(Data listing)

text \<open>If every edge meeting S - {v} stays inside S, a walk from z \<in> S to v stays in S
until it first reaches v.\<close>

lemma connected_on_induced_if_attached_at:
  assumes conn: "connected_on ends V F"
    and SV: "S \<subseteq> V" and vS: "v \<in> S"
    and closed: "\<forall>e\<in>F. ends e \<inter> (S - {v}) \<noteq> {} \<longrightarrow> ends e \<subseteq> S"
  shows "connected_on ends S (induced_edges ends S F)"
proof -
  let ?F = "induced_edges ends S F"
  have "reach ends ?F z v" if zS: "z \<in> S" for z
  proof -
    have "(b \<in> S \<and> reach ends ?F z b) \<or> reach ends ?F z v" if "reach ends F z b" for b
      using that
    proof (induction rule: reach_induct)
      case refl then show ?case using zS reach_refl by metis
    next
      case (step y w e)
      show ?case
      proof (cases "reach ends ?F z v \<or> y = v")
        case True then show ?thesis using step(4) by blast
      next
        case False
        then have yS: "y \<in> S" and r: "reach ends ?F z y" and "y \<noteq> v" using step(4) by auto
        then have eS: "ends e \<subseteq> S" using closed step(2,3) by blast
        then have "e \<in> ?F" using step(2) by (simp add: induced_edges_def)
        then have "reach ends ?F z w" using r reach_trans reach_edge step(3) by metis
        then show ?thesis using eS step(3) by auto
      qed
    qed
    moreover have "reach ends F z v" using conn zS vS SV unfolding connected_on_def by blast
    ultimately show ?thesis by blast
  qed
  then show ?thesis using connected_onI[OF vS] reach_sym by metis
qed

lemma bispanning_connected: "bispanning V E ends \<Longrightarrow> connected_on ends V E"
  unfolding bispanning_def spanning_tree_def using connected_on_mono by blast
lemma continuous_on_phi_excess: "continuous_on {0..1} phi_excess"
  unfolding phi_excess_def using continuous_on_subset[OF continuous_on_phi, of "{0..1}"]
  by (intro continuous_intros) auto

lemma continuous_on_phi_excess': "0 \<le> a \<Longrightarrow> b < 1 \<Longrightarrow> continuous_on {a..b} phi_excess'"
  by (rule continuous_at_imp_continuous_on)
    (auto intro!: DERIV_isCont[OF has_real_derivative_phi_excess'])

lemma phi_excess_0: "phi_excess 0 = 0" and phi_excess'_0: "phi_excess' 0 = 0"
  and phi_excess_1: "phi_excess 1 = 0"
  by (simp_all add: phi_excess_def phi_def phi_excess'_def)

lemma one_less_12_ln2: "1 < 12 * (ln (2::real) - 1/2)"
  using ln2_ge_two_thirds by simp

text \<open>The unique zero of \<open>phi_excess''\<close> in \<open>(0,1)\<close>.\<close>
definition phi_excess_infl :: real where
  "phi_excess_infl = sqrt (1 - 1 / (12 * (ln 2 - 1/2)))"

lemma phi_excess_infl_bounds: "0 < phi_excess_infl" "phi_excess_infl < 1"
proof -
  have "0 < 1 - 1 / (12 * (ln (2::real) - 1/2))" "1 - 1 / (12 * (ln (2::real) - 1/2)) < 1"
    using one_less_12_ln2 by (auto simp: field_simps)
  then show "0 < phi_excess_infl" "phi_excess_infl < 1" unfolding phi_excess_infl_def by auto
qed
(* Let $(X,\Sigma)$ be a random pair valued in $\mathcal{X}\times\mathfrak{S}_n$ with $X\sim\mu$. Let $\mathcal{P}=\{\mathcal{C}_1,\dots,\mathcal{C}_K\}$ be a partition of $\mathcal{X}$ into $K\ge1$ measurable cells with $\mu(\mathcal{C}_k)>0$ for all $k$. Let $\mathcal{S}_{\mathcal{P}}$ be the set of rules of the form $s_{\mathcal{P},\bar\sigma}(x)=\sum_{k=1}^K\sigma_k\,\mathbb{I}\{x\in\mathcal{C}_k\}$ with $\bar\sigma=(\sigma_1,\dots,\sigma_K)\in\mathfrak{S}_n^K$. Then the set of minimizers of $\mathcal{R}$ over $\mathcal{S}_{\mathcal{P}}$ consists exactly of the rules $s_{\mathcal{P},\bar\sigma}$ such that, for every $k\in\{1,\dots,K\}$, $\sigma_k$ is a Kemeny median of $P_{\mathcal{C}_k}$. Moreover, $$\min_{s\in\mathcal{S}_{\mathcal{P}}}\mathcal{R}(s)=\sum_{k=1}^K\mu(\mathcal{C}_k)L^*_{P_{\mathcal{C}_k}}.$$ If in addition $P_{\mathcal{C}_k}\in\mathcal{T}$ for $1\le k\le K$, the risk minimizer over $\mathcal{S}_{\mathcal{P}}$ is unique and is given by $s^*_{\mathcal{P}}(x)=\sum_{k=1}^K\sigma^*_{P_{\mathcal{C}_k}}\,\mathbb{I}\{x\in\mathcal{C}_k\}$.
   Context: $\mathfrak{S}_n$ is the set of permutations of $\{1,\dots,n\}$. The Kendall $\tau$ distance is $d_\tau(\sigma,\sigma')=\sum_{i<j}\mathbb{I}\{(\sigma(i)-\sigma(j))(\sigma'(i)-\sigma'(j))<0\}$. For a distribution $P$ on $\mathfrak{S}_n$: $L_P(\sigma)=\mathbb{E}_{\Sigma\sim P}[d_\tau(\Sigma,\sigma)]$, $L_P^*=\min_\sigma L_P(\sigma)$, and a Kemeny median of $P$ is any minimizer of $L_P$. For a measurable set $\mathcal{C}$ with $\mu(\mathcal{C})>0$, $P_{\mathcal{C}}$ is the conditional distribution of $\Sigma$ given $X\in\mathcal{C}$. $\mathcal{T}$ is the set of strictly stochastically transitive distributions. These are the $P$ whose pairwise probabilities $p_{i,j}=\mathbb{P}_{\Sigma\sim P}\{\Sigma(i)<\Sigma(j)\}$ satisfy (a) $p_{i,j}\ge1/2$ and $p_{j,k}\ge1/2\Rightarrow p_{i,k}\ge1/2$, and (b) $p_{i,j}\ne1/2$ for all $i<j$. For $P\in\mathcal{T}$ the Kemeny median is unique, denoted $\sigma^*_P$. The risk of a measurable rule $s:\mathcal{X}\to\mathfrak{S}_n$ is $\mathcal{R}(s)=\mathbb{E}[d_\tau(s(X),\Sigma)]$. *)

theory Defs
  imports "HOL-Probability.Probability"
begin
lemma degenerate_ode_iff_nth:
  "(1 + fps_const mu * fps_X) * fps_deriv F = fps_const x * F \<longleftrightarrow>
     (\<forall>n. real (Suc n) * F $ Suc n = (x - real n * mu) * F $ n)"
proof -
  have "((1 + fps_const mu * fps_X) * fps_deriv F) $ n = (fps_const x * F) $ n \<longleftrightarrow>
      real (Suc n) * F $ Suc n = (x - real n * mu) * F $ n" for n
    by (cases n) (auto simp: one_plus_const_X_mult_nth algebra_simps)
  then show ?thesis
    by (simp add: fps_eq_iff)
qed

lemma dexp_ode: "(1 + fps_const mu * fps_X) * fps_deriv (dexp mu x) = fps_const x * dexp mu x"
  unfolding degenerate_ode_iff_nth
  by (simp add: dexp_nth dff_Suc fact_Suc field_simps del: of_nat_Suc)

lemma dexp_unique:
  assumes ode: "(1 + fps_const mu * fps_X) * fps_deriv F = fps_const x * F" and "F $ 0 = 1"
  shows "F = dexp mu x"
proof (rule fps_ext)
  have rec_F: "real (Suc n) * F $ Suc n = (x - real n * mu) * F $ n" for n
    using ode unfolding degenerate_ode_iff_nth by blast
  have rec_dexp: "real (Suc n) * dexp mu x $ Suc n = (x - real n * mu) * dexp mu x $ n" for n
    using dexp_ode unfolding degenerate_ode_iff_nth by blast
  show "F $ n = dexp mu x $ n" for n
  proof (induction n)
    case (Suc n)
    with rec_F[of n] rec_dexp[of n] show ?case
      by (metis mult_left_cancel of_nat_eq_0_iff nat.distinct(1))
  qed (simp add: \<open>F $ 0 = 1\<close>)
qed

lemma dexp_add: "dexp mu (x + y) = dexp mu x * dexp mu y"
proof (rule dexp_unique[symmetric])
  let ?P = "1 + fps_const mu * fps_X"
  have "?P * fps_deriv (dexp mu x * dexp mu y) =
      dexp mu x * (?P * fps_deriv (dexp mu y)) + (?P * fps_deriv (dexp mu x)) * dexp mu y"
    by (simp add: algebra_simps)
  also have "\<dots> = fps_const (x + y) * (dexp mu x * dexp mu y)"
    unfolding dexp_ode by (simp add: algebra_simps flip: fps_const_add)
  finally show "?P * fps_deriv (dexp mu x * dexp mu y) =
      fps_const (x + y) * (dexp mu x * dexp mu y)" .
qed simp

lemma dexp_0: "dexp mu 0 = 1"
  by (rule dexp_unique[symmetric]) simp_all

lemma dexp_self: "dexp mu mu = 1 + fps_const mu * fps_X"
proof (rule fps_ext)
  fix n
  show "dexp mu mu $ n = (1 + fps_const mu * fps_X) $ n"
  proof (cases "n \<le> 1")
    case False
    then have "dff mu mu n = 0"
      unfolding dff_def by (intro prod_zero bexI[of _ 1]) auto
    with False show ?thesis
      by (simp add: dexp_nth)
  qed (auto simp: le_Suc_eq dexp_nth dff_def)
qed

lemma dexp_neg_self_mult: "dexp mu (- mu) * (1 + fps_const mu * fps_X) = 1"
  by (simp flip: dexp_self dexp_add add: dexp_0)

lemma fps_binomial_compose_dexp: "fps_binomial a oo (dexp mu c - 1) = dexp mu (a * c)"
proof (rule dexp_unique)
  let ?w = "dexp mu c - 1"
  let ?B = "fps_binomial a"
  let ?P = "1 + fps_const mu * fps_X"
  have w0: "?w $ 0 = 0"
    by simp
  have "fps_deriv ?B * (1 + fps_X) = fps_const a * ?B"
    unfolding fps_binomial_deriv by (rule fps_times_divide_eq) (auto simp: fps_eq_iff)
  then have "((1 + fps_X) * fps_deriv ?B) oo ?w = (fps_const a * ?B) oo ?w"
    by (simp add: mult.commute)
  then have binomial_ode: "dexp mu c * (fps_deriv ?B oo ?w) = fps_const a * (?B oo ?w)"
    by (simp add: fps_compose_mult_distrib[OF w0] fps_compose_add_distrib w0)
  have "?P * fps_deriv (?B oo ?w) = (fps_deriv ?B oo ?w) * (?P * fps_deriv (dexp mu c))"
    by (simp add: fps_compose_deriv[OF w0] algebra_simps)
  also have "\<dots> = fps_const c * (dexp mu c * (fps_deriv ?B oo ?w))"
    unfolding dexp_ode by (simp add: algebra_simps)
  also have "\<dots> = fps_const (a * c) * (?B oo ?w)"
    by (simp add: binomial_ode algebra_simps flip: fps_const_mult)
  finally show "?P * fps_deriv (?B oo ?w) = fps_const (a * c) * (?B oo ?w)" .
qed simp

lemma dbern_eq_nth:
  assumes "F * (dexp mu 1 - 1) = fps_X * dexp mu x"
  shows "dbern n mu x = fact n * F $ n"
proof -
  let ?D = "dexp mu 1 - 1"
  have "?D $ 1 \<noteq> 0"
    by (simp add: dexp_nth dff_def)
  then have "?D \<noteq> 0" and "subdegree ?D \<le> subdegree (fps_X :: real fps)"
    by (auto intro: subdegree_leI)
  then have "fps_X / ?D * dexp mu x * ?D = F * ?D"
    using fps_times_divide_eq[of ?D fps_X] assms by (simp add: mult_ac)
  then have "fps_X / ?D * dexp mu x = F"
    using \<open>?D \<noteq> 0\<close> by simp
  then show ?thesis
    by (simp add: dbern_def)
qed

lemma dff_neg: "dff (- mu) (- x) n = (- 1) ^ n * dff mu x n"
  by (induction n) (simp_all add: dff_Suc dff_def algebra_simps)

lemma dexp_neg: "dexp (- mu) (- x) = dexp mu x oo (fps_const (- 1) * fps_X)"
  by (rule fps_ext) (simp add: dexp_nth dff_neg)

lemma ff_eq_fact_gchoose: "ff x j = fact j * (x gchoose j)"
  by (simp add: ff_def gbinomial_mult_fact lessThan_atLeast0)

lemma dff_eq_sum_ff:
  "dff mu x n = (\<Sum>j=0..n. fact n / fact j * ((dexp mu 1 - 1) ^ j $ n) * ff x j)"
proof -
  have "(\<Sum>j=0..n. (x gchoose j) * ((dexp mu 1 - 1) ^ j $ n)) = dff mu x n / fact n"
    using arg_cong[OF fps_binomial_compose_dexp[of x mu 1], of "\<lambda>F. F $ n"]
    by (simp add: fps_compose_nth dexp_nth)
  then show ?thesis
    by (simp add: ff_eq_fact_gchoose sum_distrib_left field_simps)
qed

lemma ff_of_nat_eq_0: "j < i \<Longrightarrow> ff (real j) i = 0"
  unfolding ff_def by (rule prod_zero) auto

lemma ff_of_nat_self_neq_0: "ff (real j) j \<noteq> 0"
  unfolding ff_def by (simp add: prod_zero_iff)

lemma ff_coeffs_unique:
  assumes "\<forall>j>n. c j = 0" "\<forall>j>n. d j = 0"
    and "\<forall>x. (\<Sum>j=0..n. c j * ff x j) = (\<Sum>j=0..n. d j * ff x j)"
  shows "c = d"
proof
  fix j
  show "c j = d j"
  proof (induction j rule: less_induct)
    case (less j)
    show ?case
    proof (cases "j \<le> n")
      case True
      \<comment> \<open>evaluate at \<open>x = j\<close>: lower terms agree by induction, higher ones vanish\<close>
      have "(\<Sum>i=0..n. c i * ff (real j) i) - (\<Sum>i=0..n. d i * ff (real j) i) =
          (\<Sum>i\<in>{0..n}. if i = j then (c j - d j) * ff (real j) j else 0)"
        unfolding sum_subtractf[symmetric] left_diff_distrib[symmetric]
        by (intro sum.cong refl) (auto simp: less.IH ff_of_nat_eq_0 nat_neq_iff)
      also have "\<dots> = (c j - d j) * ff (real j) j"
        using True by simp
      finally show ?thesis
        using assms(3) ff_of_nat_self_neq_0[of j] by simp
    qed (use assms(1,2) in simp)
  qed
qed
text \<open>Let \<open>T\<close> be the complement of \<open>S\<close>, six points. \<open>T\<close> is a Sidon set: if
  \<open>a + b = c + d\<close> for four distinct points of \<open>T\<close>, the plane through \<open>a, b, c\<close> also contains
  \<open>d\<close>, so it meets \<open>S\<close> only inside the line \<open>{a + b, a + c, b + c}\<close> and is not spanned.
  Hence the 15 pairs of points of \<open>T\<close> have 15 distinct nonzero sums, and every point \<open>P\<close> is
  the sum of exactly one pair: \<open>T \<inter> (P + T)\<close> has two elements and \<open>T \<union> (P + T)\<close> ten.
  Of the 14 points \<open>x \<noteq> P\<close>, the four outside \<open>T \<union> (P + T)\<close> are exactly those with
  \<open>x, P + x \<in> S\<close>, and they pair up into the two lines through \<open>P\<close> inside \<open>S\<close>.\<close>

interpretation vadd: comm_monoid vadd vzero
  by unfold_locales (auto simp: vzero_def)

lemmas vadd_ac = vadd.assoc vadd.commute vadd.left_commute

lemma vadd_self [simp]: "vadd x x = vzero"
  by (cases x) (simp add: vzero_def)

lemma vadd_self_left [simp]: "vadd x (vadd x y) = y"
  by (simp flip: vadd.assoc)

lemma vadd_eq_iff: "vadd x y = z \<longleftrightarrow> y = vadd x z"
  by auto

lemma vadd_eq_vzero_iff [simp]: "vadd x y = vzero \<longleftrightarrow> x = y" "vzero = vadd x y \<longleftrightarrow> x = y"
  by (metis vadd_eq_iff vadd.comm_neutral)+

lemma vadd_left_cancel [simp]: "vadd x y = vadd x z \<longleftrightarrow> y = z"
  by (simp add: vadd_eq_iff)

lemma vadd_eq_self_iff [simp]:
  "vadd x y = x \<longleftrightarrow> y = vzero" "x = vadd x y \<longleftrightarrow> y = vzero"
  "vadd y x = x \<longleftrightarrow> y = vzero" "x = vadd y x \<longleftrightarrow> y = vzero"
  by (metis vadd_eq_iff vadd_self vadd.commute)+

lemma vadd_right_cancel [simp]: "vadd y x = vadd z x \<longleftrightarrow> y = z"
  by (metis vadd_left_cancel vadd.commute)

lemma mem_vadd_image_iff: "x \<in> vadd a ` A \<longleftrightarrow> vadd a x \<in> A"
  by (metis image_iff vadd_eq_iff)

lemma vdot_vadd_left: "vdot (vadd u v) x \<longleftrightarrow> vdot u x \<noteq> vdot v x"
  by (cases u; cases v; cases x) auto

lemma vdot_vadd_right: "vdot u (vadd x y) \<longleftrightarrow> vdot u x \<noteq> vdot u y"
  by (cases u; cases x; cases y) auto

lemma vdot_vzero_right [simp]: "\<not> vdot u vzero"
  by (cases u) (simp add: vzero_def)
(* Let $H$ be a finite-dimensional complex Hilbert space, $A$ a unital (real or complex) $*$-subalgebra of $\mathrm{End}_{\mathbb{C}}(H)$, $D$ a selfadjoint operator on $H$, and $J$ an antilinear isometry of $H$ with $J^2=\varepsilon 1$, $JD=\varepsilon' DJ$ for some $\varepsilon,\varepsilon'\in\{\pm1\}$, such that $[a,JbJ^{-1}]=0$ for all $a,b\in A$. With $D_0$ and $D_2$ as defined in the context, $D_0+D_2\in\Omega^1_D(A)$.
   Context: Let $A_{\mathbb{C}}$ be the complex $*$-subalgebra of $\mathrm{End}_{\mathbb{C}}(H)$ generated by $A$; write $A_{\mathbb{C}}\cong\bigoplus_{i=1}^N M_{n_i}(\mathbb{C})$ and let $P_1,\dots,P_N$ be the (orthogonal projections representing the) units of the summands, so $\sum_iP_i=1$. Set $Q_j=JP_jJ^{-1}$ and $D_{ij,kl}=P_iQ_jDP_kQ_l$. Define $D_0=\sum_{i,j,k:\,i\neq k}D_{ij,kj}$, $D_1=\sum_{i,j,l:\,j\neq l}D_{ij,il}$, $D_2=\sum_{i,j,k,l:\,i\neq k,\,j\neq l}D_{ij,kl}$, $D_R=\sum_{i,j}D_{ij,ij}$, so $D=D_0+D_1+D_2+D_R$. $\Omega^1_D(A)$ is the complex linear span in $\mathrm{End}_{\mathbb{C}}(H)$ of the operators $a[D,b]$, $a,b\in A$. *)

theory Defs
  imports "HOL-Analysis.Analysis"
begin

text \<open>H is modelled as the finite-dimensional complex Hilbert space complex^'n
  (standard inner product; the norm on vectors is the Euclidean one).
  Operators in End_C(H) are complex 'n x 'n matrices.\<close>

type_synonym 'n cop = "complex^'n^'n"

definition adj :: "'n::finite cop \<Rightarrow> 'n cop" where
  "adj M = (\<chi> i j. cnj (M $ j $ i))"

definition csc :: "complex \<Rightarrow> 'n::finite cop \<Rightarrow> 'n cop" where
  "csc c M = (\<chi> i j. c * M $ i $ j)"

(End Data listing)

_Exercise goal_:
Each line from the start of the records through the line holding "ends e \<inter>" must be returned exactly; nothing else belongs in the answer.

_Solved exercise_:
text \<open>If every edge meeting S - {v} stays inside S, a walk from z \<in> S to v stays in S
until it first reaches v.\<close>

lemma connected_on_induced_if_attached_at:
  assumes conn: "connected_on ends V F"
    and SV: "S \<subseteq> V" and vS: "v \<in> S"
    and closed: "\<forall>e\<in>F. ends e \<inter> (S - {v}) \<noteq> {} \<longrightarrow> ends e \<subseteq> S"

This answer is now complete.